The Labor Code of the Russian Federation and Employee Protections in Russia
The Labor Code governs the rights and duties of employees working in Russia, regardless of whether the employer is foreign or Russian. This guidance is widely cited by experts, including specialists from government agencies who stress that workers should understand their protections in all applicable situations. The following sections summarize five key ways workers can safeguard their rights when a foreign company reduces operations or ends its presence in Russia.
If a foreign company has announced the suspension of its activities in Russia
When suspension occurs, employers must issue orders that address essential payments to staff. If the suspension results from the employer’s fault or a lack of objective grounds, employees are entitled to two thirds of their average earnings, calculated over the last twelve months. If the disruption stems from external challenges outside the employer’s control, such as logistical issues or supply chain problems, the same two thirds of salary applies.
If a formal order is missing or deemed unlawful, employees retain the right to seek compensation. They may first contact the prosecutor’s office and the state labor inspectorate, and then pursue a court remedy if necessary.
If a foreign company leaves Russia for good
Companies cannot simply abandon their workforce. The liquidation decision must be clearly stated, followed by written notice to each employee with signature acknowledgement. Notice must be provided at least two months before the anticipated dismissal date. In case of liquidation, all staff are affected, including those on maternity leave and temporary disability leave.
During the two month notice period, workers should not be subjected to forced reductions or unpaid vacation. They should continue to work under normal terms, and salaries or bonuses cannot be reduced. Dismissed employees qualify for severance pay equal to an average monthly salary, payments for unused vacation days, and any legally mandated compensation. Early dismissal is possible only with the employee’s consent and appropriate compensation. Such arrangements are typically formalized through a mutual agreement.
During the job search period, laid-off workers receive protections for up to two months, and in certain exceptional cases up to three months. If the job search extends beyond one month, the employee may be paid an additional average monthly salary for the second month or part thereof. Workers should contact their former employer within 15 days after the second month of unemployment, often by presenting a certificate from a business support center.
Voluntary resignation is discouraged. Employees who resign on their own may forfeit rights to benefits and compensation. In addition, a separation agreement that pays less than the statutory amount is not required to be signed.
If the company goes bankrupt
The Labor Code does not list bankruptcy as a distinct reason for dismissal. Bankruptcy procedures resemble liquidation rules. Affected employees receive severance pay equivalent to an average monthly salary, compensation for unused vacation days, and wages earned for the period of work. In bankruptcy cases, dismissals can proceed with or without a mutual agreement between the parties.

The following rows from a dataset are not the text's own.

lemma bproj_disjoint:
  assumes "h \<in> X" "0 \<le> h" "inf h g = 0"
  shows "inf (bproj X g e) h = 0"
proof -
  have "h \<in> disj_compl X {g}"
    using assms g by (simp add: disj_compl_def absv_of_nonneg)
  then have "inf (absv (bproj X g e)) (absv h) = 0"
    using lub_truncations_in_band[OF bproj_is_lub_truncations]
    unfolding disj_compl_def[of X "disj_compl X {g}"] by blast
  then show ?thesis
    using assms bproj_nonneg by (simp add: absv_of_nonneg)
qed

lemma bproj_complement_disjoint: "inf (e - bproj X g e) g = 0"
  using unit_diff_lub_truncations_in_disj_compl[OF bproj_is_lub_truncations] bproj_le g
  by (simp add: disj_compl_def absv_of_nonneg)

lemma bproj_component: "component e (bproj X g e)"
proof -
  have "inf (bproj X g e) (e - bproj X g e) = 0"
    using bproj_complement_disjoint bproj_le subsp e bproj_in
    by (intro bproj_disjoint) (simp_all add: riesz_subspace_diff)
  then show ?thesis by (simp add: component_def bproj_nonneg)
qed

end

lemma bproj_mono:
  fixes X :: "'u::{ordered_real_vector,conditionally_complete_lattice} set"
  assumes subsp: "riesz_subspace X" and dc: "dedekind_complete_in X"
    and g: "g \<in> X" "g' \<in> X" "0 \<le> g'" "g' \<le> g" and e: "e \<in> X" "0 \<le> e"
  shows "bproj X g' e \<le> bproj X g e"
proof -
  have g_nonneg: "0 \<le> g" using g by simp
  note E = bproj_in[OF subsp dc g(1) g_nonneg e] bproj_nonneg[OF subsp dc g(1) g_nonneg e]
    bproj_le[OF subsp dc g(1) g_nonneg e]
  have "inf (e - bproj X g e) g' \<le> inf (e - bproj X g e) g"
    using g(4) by (rule inf_mono[OF order.refl])
  then have "inf (e - bproj X g e) g' = 0"
    using bproj_complement_disjoint[OF subsp dc g(1) g_nonneg e] E g(3)
    by (intro antisym) simp_all
  then have disj: "inf (bproj X g' e) (e - bproj X g e) = 0"
    using E subsp e by (intro bproj_disjoint[OF subsp dc g(2,3) e]) (simp_all add: riesz_subspace_diff)
  show ?thesis
    by (rule le_of_disjoint_complement[OF _ _ _ _ disj])
      (use E bproj_nonneg[OF subsp dc g(2,3) e] bproj_le[OF subsp dc g(2,3) e] in simp_all)
qed

lemma bproj_scale_le:
  fixes X :: "'u::{ordered_real_vector,conditionally_complete_lattice} set"
  assumes subsp: "riesz_subspace X" and dc: "dedekind_complete_in X"
    and a: "a \<in> X" "0 \<le> a" and e: "e \<in> X" "0 \<le> e" and t: "0 \<le> t"
  shows "t *\<^sub>R bproj X (posp (a - t *\<^sub>R e)) e \<le> a"
proof -
  define g where "g = posp (a - t *\<^sub>R e)"
  define h where "h = posp (t *\<^sub>R e - a)"
  define p where "p = bproj X g e"
  have g_in: "g \<in> X" and h_in: "h \<in> X"
    using subsp a e by (simp_all add: g_def h_def riesz_subspace_closed)
  have g_nonneg: "0 \<le> g" and h_nonneg: "0 \<le> h" by (simp_all add: g_def h_def posp_nonneg)
  note P = bproj_nonneg[OF subsp dc g_in g_nonneg e] bproj_le[OF subsp dc g_in g_nonneg e]
  have "inf h g = 0"
    using posp_disjoint_posp_minus[of "a - t *\<^sub>R e"] by (simp add: g_def h_def inf_commute)
  then have "inf p h = 0"
    unfolding p_def by (rule bproj_disjoint[OF subsp dc g_in g_nonneg e h_in h_nonneg])
  then have "inf (t *\<^sub>R p) (1 *\<^sub>R h) = 0"
    using P h_nonneg t by (intro disjoint_scaleR) (simp_all add: p_def)
  then have "t *\<^sub>R p + h = sup (t *\<^sub>R p) h" by (simp add: disjoint_add_eq_sup)
  also have "\<dots> \<le> t *\<^sub>R e"
  proof (rule sup_least)
    show "t *\<^sub>R p \<le> t *\<^sub>R e" using P t by (simp add: p_def scaleR_left_mono)
    show "h \<le> t *\<^sub>R e" using a e t by (simp add: h_def posp_def scaleR_nonneg_nonneg)
  qed
  also have "t *\<^sub>R e = a - g + h"
    using posp_diff_posp_minus[of "a - t *\<^sub>R e"] by (simp add: g_def h_def algebra_simps)
  finally have "t *\<^sub>R p \<le> a - g" by simp
  also have "a - g \<le> a" using g_nonneg by simp
  finally show ?thesis by (simp add: p_def g_def)
qed

section \<open>Components and the functional calculus\<close>

lemma component_le: "component e c \<Longrightarrow> c \<le> (e::'u::{ordered_real_vector,lattice})"
  unfolding component_def
  by (metis add.commute diff_add_cancel inf_le2 riesz.add_inf_distrib_left add_0_right)

lemma component_diff: "component e c \<Longrightarrow> component e (e - (c::'u::{ordered_real_vector,lattice}))"
  using component_le[of e c] by (simp add: component_def inf_commute)

lemma component_inf:
  fixes e c d :: "'u::{ordered_real_vector,lattice}"
  assumes c: "component e c" and d: "component e d"
  shows "component e (inf c d)"
proof -
  have "e - inf c d = sup (e - c) (e - d)"
    by (simp add: riesz.diff_inf_eq_sup riesz.add_sup_distrib_left)
  also have "\<dots> \<le> (e - c) + (e - d)"
    using component_le[OF c] component_le[OF d] by (intro sup_least) (simp_all add: algebra_simps)
  finally have "inf (inf c d) (e - inf c d) \<le> inf (inf c d) ((e - c) + (e - d))"
    by (rule inf_mono[OF order.refl])
  also have "\<dots> \<le> inf (inf c d) (e - c) + inf (inf c d) (e - d)"
    using component_le[OF c] component_le[OF d] c d
    by (intro inf_add_le) (simp_all add: component_def)
  also have "\<dots> \<le> inf c (e - c) + inf d (e - d)"
    by (intro add_mono inf_mono) simp_all
  also have "\<dots> = 0" using c d by (simp add: component_def)
  finally have "inf (inf c d) (e - inf c d) \<le> 0" .
  moreover have "0 \<le> inf (inf c d) (e - inf c d)"
  proof (rule le_infI)
    show "0 \<le> inf c d" using c d by (simp add: component_def)
    have "inf c d \<le> e" using component_le[OF c] by (simp add: le_infI1)
    then show "0 \<le> e - inf c d" by (simp only: diff_ge_0_iff_ge)
  qed
  ultimately show ?thesis
    using c d unfolding component_def by (simp only: antisym) simp
qed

Debt repayment often comes through the sale of the bankrupt organization’s assets. In some situations, owners may be held personally liable, enabling recovery of funds from their own resources.
If a person was laid off – what are the payments and guarantees?
Upon dismissal, employees should receive severance pay, wages for time worked, and compensation for unused vacation days. The typical payment at dismissal reflects an average monthly salary, though employers may choose to provide more based on internal guidelines or negotiations. The total sum corresponds to the length of the employee’s service with the company.
In cases of workforce reductions, certain workers enjoy preferential retention rights. These may include individuals supporting multi-member disabled households, sole earners with industrial injury or occupational disease, disabled veterans, workers with specialized training tied to the employer, or persons affected by radiation-related illnesses. A collective agreement can also grant priority retention to certain employees.
What to do if you have to quit
Forcing an employee to resign is not permitted. A manager who pressures someone to resign to reduce payments may engage in coercive tactics. In such cases, the worker should resist the pressure and document evidence of the violation. The first step is typically to report the issue to the prosecutor’s office or, if needed, to the state labor inspectorate and ultimately to the court. Modern practices accept a range of evidence, including audio and video records of violations, as well as screenshots of electronic communications and chats, to support the claim.